The easy steps for abiogenesis keep getting easier and easier.

Meanwhile, we keep having absolutely no idea of the difficulty of the hard steps. Yes, technically that means life is easier than we expected, by some completely insignificant margin.


"we find evidence that life is more likely than expected"

But only after we really lowered our expectations in the first place. I have an old book, about the Viking Mars lander, describing the technical details, before the rover succesfully landed on mars. It is full of optimism and a strong expectation, that it will find evidence of at least bacteria.

And before we had strong telescopes and rockets, there was a strong expectation, that Mars has developed life.

We know, that bacteria can survive in stasis mode on asteroids - yet we have not found life on any other planet.


Those original expectations weren’t based on evidence though.
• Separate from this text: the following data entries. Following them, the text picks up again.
lemma isCont_square_bound:
  fixes f :: "real \<times> real \<Rightarrow> real"
  assumes "isCont f (0, 0)" "0 < \<epsilon>"
  obtains k where "0 < k" "\<And>e x. \<bar>e\<bar> < k \<Longrightarrow> \<bar>x\<bar> < k \<Longrightarrow> \<bar>f (e, x) - f (0, 0)\<bar> < \<epsilon>"
proof -
  obtain d where d: "0 < d" "\<And>z. dist z (0, 0) < d \<Longrightarrow> dist (f z) (f (0, 0)) < \<epsilon>"
    using assms unfolding continuous_at_eps_delta by blast
  have "dist (e, x) (0, 0) < d" if "\<bar>e\<bar> < d / 2" "\<bar>x\<bar> < d / 2" for e x
    using norm_Pair_le[of e x] that by (simp add: dist_norm)
  then show ?thesis
    using d by (intro that[of "d / 2"]) (auto simp: dist_real_def)
qed

theorem implicit_function_plane:
  fixes g gE gX :: "real \<times> real \<Rightarrow> real"
  assumes "0 < \<kappa>"
    and has_partial1: "\<And>e x. \<bar>e\<bar> < \<kappa> \<Longrightarrow> \<bar>x\<bar> < \<kappa> \<Longrightarrow>
          ((\<lambda>t. g (t, x)) has_real_derivative gE (e, x)) (at e)"
    and has_partial2: "\<And>e x. \<bar>e\<bar> < \<kappa> \<Longrightarrow> \<bar>x\<bar> < \<kappa> \<Longrightarrow>
          ((\<lambda>t. g (e, t)) has_real_derivative gX (e, x)) (at x)"
    and cont1: "\<And>e x. \<bar>e\<bar> < \<kappa> \<Longrightarrow> \<bar>x\<bar> < \<kappa> \<Longrightarrow> isCont gE (e, x)"
    and cont2: "\<And>e x. \<bar>e\<bar> < \<kappa> \<Longrightarrow> \<bar>x\<bar> < \<kappa> \<Longrightarrow> isCont gX (e, x)"
    and "g (0, 0) = 0" and "0 < gE (0, 0)"
  obtains \<sigma> E where "0 < \<sigma>" "C1_on (ball 0 \<sigma>) E" "E 0 = 0"
    "(E has_real_derivative - gX (0, 0) / gE (0, 0)) (at 0)"
    "\<And>e x. \<bar>e\<bar> < \<sigma> \<Longrightarrow> \<bar>x\<bar> < \<sigma> \<Longrightarrow> g (e, x) = 0 \<longleftrightarrow> e = E x"
proof -
  obtain k1 where k1: "0 < k1"
    "\<And>e x. \<bar>e\<bar> < k1 \<Longrightarrow> \<bar>x\<bar> < k1 \<Longrightarrow> \<bar>gE (e, x) - gE (0, 0)\<bar> < gE (0, 0) / 2"
    using isCont_square_bound[OF cont1 half_gt_zero] \<open>0 < \<kappa>\<close> \<open>0 < gE (0, 0)\<close> by auto
  obtain k2 where k2: "0 < k2"
    "\<And>e x. \<bar>e\<bar> < k2 \<Longrightarrow> \<bar>x\<bar> < k2 \<Longrightarrow> \<bar>gX (e, x) - gX (0, 0)\<bar> < 1"
    using isCont_square_bound[OF cont2 zero_less_one] \<open>0 < \<kappa>\<close> by auto
  define k where "k = min \<kappa> (min k1 k2)"
  interpret implicit_square g gE gX k "gE (0, 0) / 2" "\<bar>gX (0, 0)\<bar> + 1"
  proof
    fix e x assume "\<bar>e\<bar> < k" "\<bar>x\<bar> < k"
    then have bounds: "\<bar>e\<bar> < \<kappa>" "\<bar>x\<bar> < \<kappa>" "\<bar>e\<bar> < k1" "\<bar>x\<bar> < k1" "\<bar>e\<bar> < k2" "\<bar>x\<bar> < k2"
      by (auto simp: k_def)
    then show "((\<lambda>t. g (t, x)) has_real_derivative gE (e, x)) (at e)"
      "((\<lambda>t. g (e, t)) has_real_derivative gX (e, x)) (at x)"
      using has_partial1 has_partial2 bounds by auto
    show "gE (0, 0) / 2 \<le> gE (e, x)" "\<bar>gX (e, x)\<bar> \<le> \<bar>gX (0, 0)\<bar> + 1"
      using k1(2)[of e x] k2(2)[of e x] bounds unfolding abs_diff_less_iff by linarith+
  qed (use \<open>0 < \<kappa>\<close> k1 k2 \<open>g (0, 0) = 0\<close> \<open>0 < gE (0, 0)\<close> in \<open>auto simp: k_def\<close>)
  have "k \<le> \<kappa>" by (simp add: k_def)
  show ?thesis
  proof (rule that[of radius implicit_fun, OF radius_pos _ implicit_fun_origin])
    show "C1_on (ball 0 radius) implicit_fun"
      using C1_on_implicit_fun cont1 cont2 \<open>k \<le> \<kappa>\<close> by simp
    show "(implicit_fun has_real_derivative - gX (0, 0) / gE (0, 0)) (at 0)"
      using implicit_fun_has_derivative[of 0] cont1 cont2 \<open>k \<le> \<kappa>\<close> radius_pos implicit_fun_origin
      by simp
    show "g (e, x) = 0 \<longleftrightarrow> e = implicit_fun x" if "\<bar>e\<bar> < radius" "\<bar>x\<bar> < radius" for e x
      using implicit_fun_unique[of e x] implicit_fun(2)[of x] that radius_le by auto
  qed
qed
lemma krun_opened_depths:
  "krun K fz zc xr qs T Op T' Op' \<Longrightarrow> Op' \<subseteq> Op \<union> {p. fst p \<in> fst ` set qs}"
proof (induction rule: krun.induct)
  case (krun_Cons h j T Op T1 Op1 qs T2 Op2)
  from krun_Cons(1) have "Op1 \<subseteq> Op \<union> {p. fst p = h}" by (cases rule: kstep_cases) auto
  with krun_Cons.IH show ?case by auto
qed simp

lemma krun_append_split:
  "krun K fz zc xr (qs @ rs) T Op T2 Op2 \<Longrightarrow>
     \<exists>T1 Op1. krun K fz zc xr qs T Op T1 Op1 \<and> krun K fz zc xr rs T1 Op1 T2 Op2"
proof (induction qs arbitrary: T Op)
  case Nil
  then show ?case by (auto intro: krun.intros)
next
  case (Cons q qs)
  from Cons.prems obtain h j T1 Op1 where q: "q = (h, j)" and step: "kstep K fz zc xr h j T Op T1 Op1"
    and rest: "krun K fz zc xr (qs @ rs) T1 Op1 T2 Op2"
    by (cases rule: krun.cases) auto
  from Cons.IH[OF rest] obtain T3 Op3
    where "krun K fz zc xr qs T1 Op1 T3 Op3" "krun K fz zc xr rs T3 Op3 T2 Op2" by blast
  with q step show ?case by (blast intro: krun.krun_Cons)
qed

lemma krun_appendE:
  assumes "krun K fz zc xr (qs @ rs) T Op T2 Op2"
  obtains T1 Op1 where "krun K fz zc xr qs T Op T1 Op1" "krun K fz zc xr rs T1 Op1 T2 Op2"
  using krun_append_split[OF assms] by blast

lemma krun_opening_flags_children:
  assumes "krun K fz zc xr qs T Op T' Op'"
    and "\<forall>(h', j')\<in>set qs. h' = h \<longrightarrow> j \<le> j'"
    and "(h, i) \<in> Op'" "(h, i) \<notin> Op" "l < K"
  shows "(Suc h, K * i + l, j) \<in> T'"
  using assms
proof (induction rule: krun.induct)
  case (krun_Cons h' j' T Op T1 Op1 qs T2 Op2)
  show ?case
  proof (cases "(h, i) \<in> Op1")
    case True
    from krun_Cons(1) show ?thesis
    proof (cases rule: kstep_cases)
      case (2 i')
      with True krun_Cons.prems have "h' = h" "i' = i" "j \<le> j'" by auto
      with 2 krun_Cons.prems(4) have "(Suc h, K * i + l, j) \<in> T1"
        unfolding open_flags_def by auto
      then show ?thesis using krun_mono[OF krun_Cons(2)] by blast
    qed (use True krun_Cons.prems in simp)
  next
    case False
    with krun_Cons.IH krun_Cons.prems show ?thesis by simp
  qed
qed simp
(* Assume $f(\cdot,u_t)$ is a diffeomorphism for all $t$ and that the relevant matrices are invertible. Consider (A) the pure fading-memory extended Kalman filter in the form $s_{t|t-1}=f(s_{t-1},u_t)$, $P_{t|t-1}=(1+\alpha_t)F_{t-1}P_{t-1}F_{t-1}^\top$, $\hat y_t=h(s_{t|t-1},u_t)$, $P_t^{-1}=P_{t|t-1}^{-1}+\mathcal I_t$, $s_t=s_{t|t-1}+P_t g_t^\top$; and (B) the recursion $s_{t|t-1}=f(s_{t-1},u_t)$, $\hat y_t=h(s_{t|t-1},u_t)$, $J_t=(1-\gamma_t)(F_{t-1}^{-1})^\top J_{t-1}F_{t-1}^{-1}+\gamma_t\mathcal I_t$, $s_t=s_{t|t-1}+\eta_tJ_t^{-1}g_t^\top$, where $F_{t-1}=\partial f/\partial s|_{(s_{t-1},u_t)}$, $g_t=\partial\ln p_{\mathrm{obs}}(y_t\mid h(s,u_t))/\partial s|_{s=s_{t|t-1}}$ and $\mathcal I_t=\mathbb E_{y\sim p_{\mathrm{obs}}(\cdot\mid\hat y_t)}[(\partial\ln p_{\mathrm{obs}}(y\mid h(s,u_t))/\partial s|_{s=s_{t|t-1}})^{\otimes2}]$. If the hyperparameters satisfy $\eta_t=\gamma_t$ and $\frac1{\eta_t}=\frac1{1+\alpha_t}\frac1{\eta_{t-1}}+1$ for $t\ge1$, and both are initialized at the same $s_0$ with $P_0=\eta_0J_0^{-1}$, then for all $t\ge0$ both produce the same $s_t$ and $P_t=\eta_tJ_t^{-1}$.
   Context: Conventions: gradients of real functions are row vectors; for a row vector $v$, $v^{\otimes2}=v^\top v$. $p_{\mathrm{obs}}(y\mid\hat y)$ is an exponential family parameterized by its mean parameter $\hat y$; $f,h$ are smooth; $u_t$ are inputs, $y_t$ observations, $\alpha_t\ge0$ fading-memory weights, $\eta_t$ learning rates, $\gamma_t$ decay rates. *)

theory Defs
  imports "HOL-Analysis.Analysis"
begin

definition outer_sq :: "real^'n \<Rightarrow> real^'n^'n" where
  "outer_sq v = (\<chi> i j. v $ i * v $ j)"

definition exp_family_mean ::
  "'y measure \<Rightarrow> ('y \<Rightarrow> real^'m) \<Rightarrow> (real^'m) set \<Rightarrow> (real^'m \<Rightarrow> 'y \<Rightarrow> real) \<Rightarrow> bool" where
  "exp_family_mean \<mu> T \<Theta> p \<longleftrightarrow>
     (\<exists>(\<theta> :: real^'m \<Rightarrow> real^'m) (A :: real^'m \<Rightarrow> real). \<forall>m\<in>\<Theta>.
        (\<forall>y\<in>space \<mu>. p m y = exp (\<theta> m \<bullet> T y - A m))
      \<and> integrable \<mu> (p m) \<and> (\<integral>y. p m y \<partial>\<mu>) = 1
      \<and> integrable \<mu> (\<lambda>y. p m y *\<^sub>R T y) \<and> (\<integral>y. p m y *\<^sub>R T y \<partial>\<mu>) = m)"

text \<open>Fisher information E_{y ~ p(.|h(s,u))}[(grad_s ln p(y|h(s,u)))^{\<otimes>2}], where
  G s u y is the gradient (as a vector) of s \<mapsto> ln p(y | h(s,u)).\<close>
definition fisher ::
  "'y measure \<Rightarrow> (real^'m \<Rightarrow> 'y \<Rightarrow> real) \<Rightarrow> (real^'n \<Rightarrow> 'u \<Rightarrow> real^'m)
   \<Rightarrow> (real^'n \<Rightarrow> 'u \<Rightarrow> 'y \<Rightarrow> real^'n) \<Rightarrow> real^'n \<Rightarrow> 'u \<Rightarrow> real^'n^'n" where
  "fisher \<mu> p h G s u = (\<integral>y. p (h s u) y *\<^sub>R outer_sq (G s u y) \<partial>\<mu>)"

end

theory Submission imports Defs begin

text \<open>Recursion (A) is recursion (B) written in covariance instead of information form.
  If P(t-1) = \<eta>(t-1) J(t-1)\<inverse> and the states agree, the inverse of the predicted covariance
  (1 + \<alpha> t) F P(t-1) F^T is (F\<inverse>)^T J(t-1) F\<inverse> / ((1 + \<alpha> t) \<eta>(t-1)), and the hyperparameter
  recursion says exactly 1 - \<eta> t = \<eta> t / ((1 + \<alpha> t) \<eta>(t-1)); hence J t = \<eta> t P(t)\<inverse>.
  The gains P t and \<eta> t J(t)\<inverse> then coincide, and so do the state updates.\<close>

lemma matrix_inv_right:
  fixes A :: "'a::semiring_1^'n^'m"
  assumes "invertible A"
  shows "A ** matrix_inv A = mat 1"
  using someI_ex[of "\<lambda>A'. A ** A' = mat 1 \<and> A' ** A = mat 1"] assms
  unfolding invertible_def matrix_inv_def by auto

lemma matrix_inv_left:
  fixes A :: "'a::semiring_1^'n^'m"
  assumes "invertible A"
  shows "matrix_inv A ** A = mat 1"
  using someI_ex[of "\<lambda>A'. A ** A' = mat 1 \<and> A' ** A = mat 1"] assms
  unfolding invertible_def matrix_inv_def by auto

lemma matrix_inv_unique:
  fixes A B :: "'a::field^'n^'n"
  assumes "A ** B = mat 1"
  shows "matrix_inv A = B"
proof -
  have A: "invertible A" using assms invertible_right_inverse by blast
  have "matrix_inv A = matrix_inv A ** (A ** B)" using assms by simp
  also have "\<dots> = (matrix_inv A ** A) ** B" by (simp add: matrix_mul_assoc)
  finally show ?thesis by (simp add: matrix_inv_left[OF A])
qed

lemma matrix_inv_matrix_inv:
  fixes A :: "'a::field^'n^'n"
  assumes "invertible A"
  shows "matrix_inv (matrix_inv A) = A"
  by (rule matrix_inv_unique) (rule matrix_inv_left[OF assms])

lemma matrix_inv_scaleR:
  fixes A :: "real^'n^'n"
  assumes "invertible A" "c \<noteq> 0"
  shows "matrix_inv (c *\<^sub>R A) = (1 / c) *\<^sub>R matrix_inv A"
  by (rule matrix_inv_unique)
     (simp add: matrix_scalar_ac scalar_matrix_assoc[symmetric] matrix_inv_right[OF assms(1)] assms(2))

lemma invertible_mult_left_factor:
  fixes A B :: "'a::field^'n^'n"
  assumes "invertible (A ** B)"
  shows "invertible A"
proof -
  obtain C where "A ** B ** C = mat 1" using assms invertible_right_inverse by blast
  then have "A ** (B ** C) = mat 1" by (simp add: matrix_mul_assoc)
  then show ?thesis using invertible_right_inverse by blast
qed

lemma matrix_inv_congruence:
  fixes F J :: "real^'n^'n"
  assumes F: "invertible F" and J: "invertible J" and "c \<noteq> 0"
  shows "matrix_inv (c *\<^sub>R (F ** matrix_inv J ** transpose F))
           = (1 / c) *\<^sub>R (transpose (matrix_inv F) ** J ** matrix_inv F)"
proof (rule matrix_inv_unique)
  have FT: "transpose F ** transpose (matrix_inv F) = mat 1"
    by (metis matrix_transpose_mul matrix_inv_left[OF F] transpose_mat)
  have "F ** matrix_inv J ** transpose F ** (transpose (matrix_inv F) ** J ** matrix_inv F)
        = F ** (matrix_inv J ** ((transpose F ** transpose (matrix_inv F)) ** J)) ** matrix_inv F"
    by (simp add: matrix_mul_assoc)
  also have "\<dots> = mat 1"
    by (simp add: FT matrix_inv_left[OF J] matrix_inv_right[OF F])
  finally show "c *\<^sub>R (F ** matrix_inv J ** transpose F) ** ((1 / c) *\<^sub>R (transpose (matrix_inv F) ** J ** matrix_inv F))
                = mat 1"
    using \<open>c \<noteq> 0\<close> by (simp add: matrix_scalar_ac scalar_matrix_assoc[symmetric])
qed

lemma fading_memory_covariance_eq_information:
  fixes F J' I J P :: "real^'n^'n" and a e e' :: real
  assumes F: "invertible F" and J': "invertible J'" and P: "invertible P"
    and "a \<ge> 0" and "e > 0" and "e' > 0"
    and rec: "1 / e = 1 / (1 + a) * (1 / e') + 1"
    and P_upd: "matrix_inv P = matrix_inv ((1 + a) *\<^sub>R (F ** (e' *\<^sub>R matrix_inv J') ** transpose F)) + I"
    and J_upd: "J = (1 - e) *\<^sub>R (transpose (matrix_inv F) ** J' ** matrix_inv F) + e *\<^sub>R I"
  shows "P = e *\<^sub>R matrix_inv J"
proof -
  define K where "K = transpose (matrix_inv F) ** J' ** matrix_inv F"
  have "(1 + a) *\<^sub>R (F ** (e' *\<^sub>R matrix_inv J') ** transpose F)
        = ((1 + a) * e') *\<^sub>R (F ** matrix_inv J' ** transpose F)"
    by (simp add: matrix_scalar_ac scalar_matrix_assoc[symmetric])
  then have "matrix_inv P = (1 / ((1 + a) * e')) *\<^sub>R K + I"
    using P_upd matrix_inv_congruence[OF F J', of "(1 + a) * e'"] \<open>a \<ge> 0\<close> \<open>e' > 0\<close>
    by (simp add: K_def)
  moreover have "1 - e = e * (1 / ((1 + a) * e'))"
    using rec \<open>e > 0\<close> \<open>a \<ge> 0\<close> \<open>e' > 0\<close> by (simp add: field_simps)
  ultimately have J_eq: "J = e *\<^sub>R matrix_inv P"
    using J_upd by (simp add: K_def[symmetric] scaleR_add_right)
  have "invertible (matrix_inv P)"
    using matrix_inv_left[OF P] invertible_right_inverse by blast
  then have "matrix_inv J = (1 / e) *\<^sub>R P"
    using J_eq matrix_inv_scaleR[of "matrix_inv P" e] \<open>e > 0\<close> matrix_inv_matrix_inv[OF P] by simp
  then show ?thesis using \<open>e > 0\<close> by simp
qed

theorem proposition14:
  fixes f :: "real^'n \<Rightarrow> 'u \<Rightarrow> real^'n"
    and Fm :: "real^'n \<Rightarrow> 'u \<Rightarrow> real^'n^'n"
    and h :: "real^'n \<Rightarrow> 'u \<Rightarrow> real^'m"
    and \<mu> :: "'y measure" and T :: "'y \<Rightarrow> real^'m" and \<Theta> :: "(real^'m) set"
    and p :: "real^'m \<Rightarrow> 'y \<Rightarrow> real"
    and G :: "real^'n \<Rightarrow> 'u \<Rightarrow> 'y \<Rightarrow> real^'n"
    and u :: "nat \<Rightarrow> 'u" and y :: "nat \<Rightarrow> 'y"
    and \<alpha> \<eta> \<gamma> :: "nat \<Rightarrow> real"
    and sA :: "nat \<Rightarrow> real^'n" and PA :: "nat \<Rightarrow> real^'n^'n"
    and sB :: "nat \<Rightarrow> real^'n" and J :: "nat \<Rightarrow> real^'n^'n"
  assumes expfam: "exp_family_mean \<mu> T \<Theta> p" and \<Theta>_open: "open \<Theta>"
    and h_range: "\<And>s v. h s v \<in> \<Theta>"
    and f_deriv: "\<And>s v. ((\<lambda>s'. f s' v) has_derivative (\<lambda>w. Fm s v *v w)) (at s)"
    and f_diffeo: "\<And>v. \<exists>g. (\<forall>s. g (f s v) = s \<and> f (g s) v = s) \<and> (\<forall>s. g differentiable (at s))"
    and G_grad: "\<And>s v z. z \<in> space \<mu> \<Longrightarrow>
                   ((\<lambda>s'. ln (p (h s' v) z)) has_derivative (\<lambda>w. G s v z \<bullet> w)) (at s)"
    and y_space: "\<And>t. y t \<in> space \<mu>"
    and \<alpha>_nonneg: "\<And>t. \<alpha> t \<ge> 0"
    and \<eta>_pos: "\<And>t. \<eta> t > 0"
    and \<gamma>_eq: "\<And>t. t \<ge> 1 \<Longrightarrow> \<gamma> t = \<eta> t"
    and \<eta>_rec: "\<And>t. t \<ge> 1 \<Longrightarrow> 1 / \<eta> t = 1 / (1 + \<alpha> t) * (1 / \<eta> (t - 1)) + 1"
    and init_s: "sA 0 = sB 0"
    and init_P: "PA 0 = \<eta> 0 *\<^sub>R matrix_inv (J 0)"
    and inv_PA: "\<And>t. invertible (PA t)"
    and inv_J: "\<And>t. invertible (J t)"
    and inv_Ppred: "\<And>t. t \<ge> 1 \<Longrightarrow>
          invertible ((1 + \<alpha> t) *\<^sub>R (Fm (sA (t - 1)) (u t) ** PA (t - 1) ** transpose (Fm (sA (t - 1)) (u t))))"
    \<comment> \<open>(A) pure fading-memory extended Kalman filter, t \<ge> 1\<close>
    and A_P: "\<And>t. t \<ge> 1 \<Longrightarrow>
          matrix_inv (PA t) =
            matrix_inv ((1 + \<alpha> t) *\<^sub>R (Fm (sA (t - 1)) (u t) ** PA (t - 1) ** transpose (Fm (sA (t - 1)) (u t))))
            + fisher \<mu> p h G (f (sA (t - 1)) (u t)) (u t)"
    and A_s: "\<And>t. t \<ge> 1 \<Longrightarrow>
          sA t = f (sA (t - 1)) (u t) + PA t *v G (f (sA (t - 1)) (u t)) (u t) (y t)"
    \<comment> \<open>(B) natural-gradient-type recursion, t \<ge> 1\<close>
    and B_J: "\<And>t. t \<ge> 1 \<Longrightarrow>
          J t = (1 - \<gamma> t) *\<^sub>R (transpose (matrix_inv (Fm (sB (t - 1)) (u t))) ** J (t - 1)
                                  ** matrix_inv (Fm (sB (t - 1)) (u t)))
                + \<gamma> t *\<^sub>R fisher \<mu> p h G (f (sB (t - 1)) (u t)) (u t)"
    and B_s: "\<And>t. t \<ge> 1 \<Longrightarrow>
          sB t = f (sB (t - 1)) (u t) + \<eta> t *\<^sub>R (matrix_inv (J t) *v G (f (sB (t - 1)) (u t)) (u t) (y t))"
  shows "\<forall>t. sA t = sB t \<and> PA t = \<eta> t *\<^sub>R matrix_inv (J t)"
proof
  fix t show "sA t = sB t \<and> PA t = \<eta> t *\<^sub>R matrix_inv (J t)"
  proof (induction t)
    case 0
    then show ?case using init_s init_P by simp
  next
    case (Suc n)
    let ?F = "Fm (sA n) (u (Suc n))"
    have "(1 + \<alpha> (Suc n)) *\<^sub>R (?F ** PA n ** transpose ?F)
          = ?F ** ((1 + \<alpha> (Suc n)) *\<^sub>R (PA n ** transpose ?F))"
      by (simp add: matrix_scalar_ac scalar_matrix_assoc matrix_mul_assoc)
    then have "invertible (?F ** ((1 + \<alpha> (Suc n)) *\<^sub>R (PA n ** transpose ?F)))"
      using inv_Ppred[of "Suc n"] by simp
    then have "invertible ?F" by (rule invertible_mult_left_factor)
    then have P: "PA (Suc n) = \<eta> (Suc n) *\<^sub>R matrix_inv (J (Suc n))"
      using fading_memory_covariance_eq_information[OF _ inv_J inv_PA \<alpha>_nonneg \<eta>_pos \<eta>_pos]
        \<eta>_rec[of "Suc n"] A_P[of "Suc n"] B_J[of "Suc n"] \<gamma>_eq[of "Suc n"] Suc.IH
      by simp
    then have "sA (Suc n) = sB (Suc n)"
      using A_s[of "Suc n"] B_s[of "Suc n"] Suc.IH by (simp add: scaleR_matrix_vector_assoc)
    with P show ?case by simp
  qed
qed

end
You call these factors "circumstantial evidence", but they are only circumstantial evidence if our ideas about what allows/causes/etc life are correct, which we have not validated at all.

If we can't promote abiogenesis in a lab our understanding is clearly limited, which is itself surprising. How many other processes in nature have we observed and not been able to replicate ourselves (or at least make progress towards replicating)?


We’ve also found water on the moon.

And we know at least one Jupiter satellite has water.

So that’s at least 4 bodies in the solar system that have water and all the bodies where we have successfully landed more than 1 rover have or had water (earth, moon, mars).

Every body where we could have discovered water, we have discovered water. Seems like bayes theorem indicates that water is also probably highly available in the universe.


I would turn this argument around and say if life elsewhere is more likely, than it should be more likely that life from beyond has found us. If the likelihood of life elsewhere is so high that it has to be true, to me it would also be true that life should have found us by now


I really don’t think people are talking about intelligent life here.